Synthesis and antibacterial activity of immobilized quaternary ammonium salts

Quaternary ammonium salts were immobilized on hydrophilic gels based on sucrose methacrylates (SM) and tested for their antibacterial properties. The cross-linked polymers were prepared by copolymerization of monomer–SM mixtures with 4-vinylpyridine and subsequent quaternization with 1-bromoctane and 1-bromoctadecan and by esterification of SM gels with 3-pyridine carboxylic acid chloride and quaternization. In addition, immobilized quaternary salts bonded by hydrophobic as well as by hydrophilic spacers were synthesized by esterification of SM gels with 11-bromundecanoic acid chloride and the tetraethylene glycol-based acid chloride 13c , respectively, and subsequent reaction of the halogen-substituted gels with tertiary amines.
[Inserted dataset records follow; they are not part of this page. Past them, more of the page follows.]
text \<open>Diagonalise \<open>\<Omega>\<close> in an orthonormal eigenbasis \<open>u\<^sub>k\<close> with real eigenvalues \<open>\<lambda>\<^sub>k\<close>. For a
  density operator \<open>\<sigma>\<close>, \<open>tr(\<Omega>\<sigma>) = \<Sum>\<^sub>k \<lambda>\<^sub>k \<langle>u\<^sub>k|\<sigma>|u\<^sub>k\<rangle>\<close> is an average of the \<open>\<lambda>\<^sub>k\<close> with
  nonnegative weights summing to 1. Because eigenvalue 1 is nondegenerate, exactly one \<open>u\<^sub>k\<close> is
  a multiple of \<open>\<Psi>\<close>; its weight is \<open>\<langle>\<Psi>|\<sigma>|\<Psi>\<rangle> = 1 - \<epsilon>\<close>, and every other \<open>\<lambda>\<^sub>k\<close> is at
  most \<open>\<beta>(\<Omega>)\<close>. Hence \<open>0 \<le> tr(\<Omega>\<sigma>) \<le> 1 - \<nu>(\<Omega>) \<epsilon>\<close>, and the AM-GM inequality turns these
  \<open>N\<close> bounds into the bound on the product.\<close>

section \<open>Adjoints and unitary matrices\<close>

lemma mat_adjoint_dim [simp]:
  "dim_row (mat_adjoint A) = dim_col A" "dim_col (mat_adjoint A) = dim_row A"
  by (auto simp: mat_adjoint_def)

lemma mat_adjoint_carrier [simp]: "A \<in> carrier_mat n m \<Longrightarrow> mat_adjoint A \<in> carrier_mat m n"
  by (metis carrier_matD carrier_matI mat_adjoint_dim)

lemma row_mat_adjoint [simp]:
  "i < dim_col A \<Longrightarrow> row (mat_adjoint A) i = conjugate (col A i)"
  unfolding mat_adjoint_def by (subst mat_of_rows_row) auto

lemma index_mat_adjoint [simp]:
  "i < dim_col A \<Longrightarrow> j < dim_row A \<Longrightarrow>
    mat_adjoint (A :: complex mat) $$ (i,j) = cnj (A $$ (j,i))"
  by (simp add: mat_adjoint_def mat_of_rows_def col_def)

lemma cscalar_prod_smult_right [simp]: "x \<bullet>c (a \<cdot>\<^sub>v y) = cnj a * (x \<bullet>c (y :: complex vec))"
  by (simp add: scalar_prod_def sum_distrib_left mult_ac)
Suspension tests for antibacterial properties of the immobilized bactericides against Escherichia coli, Staphylococcus aureus, and Micrococcus luteus demonstrated high activity of the quaternary salts bonded by the hydrophobic spacer. Advantageously, these insoluble bactericides can be applicated without contamination of the substrate; they can be removed easily and used repeatedly. © 1994 John Wiley & Sons, Inc.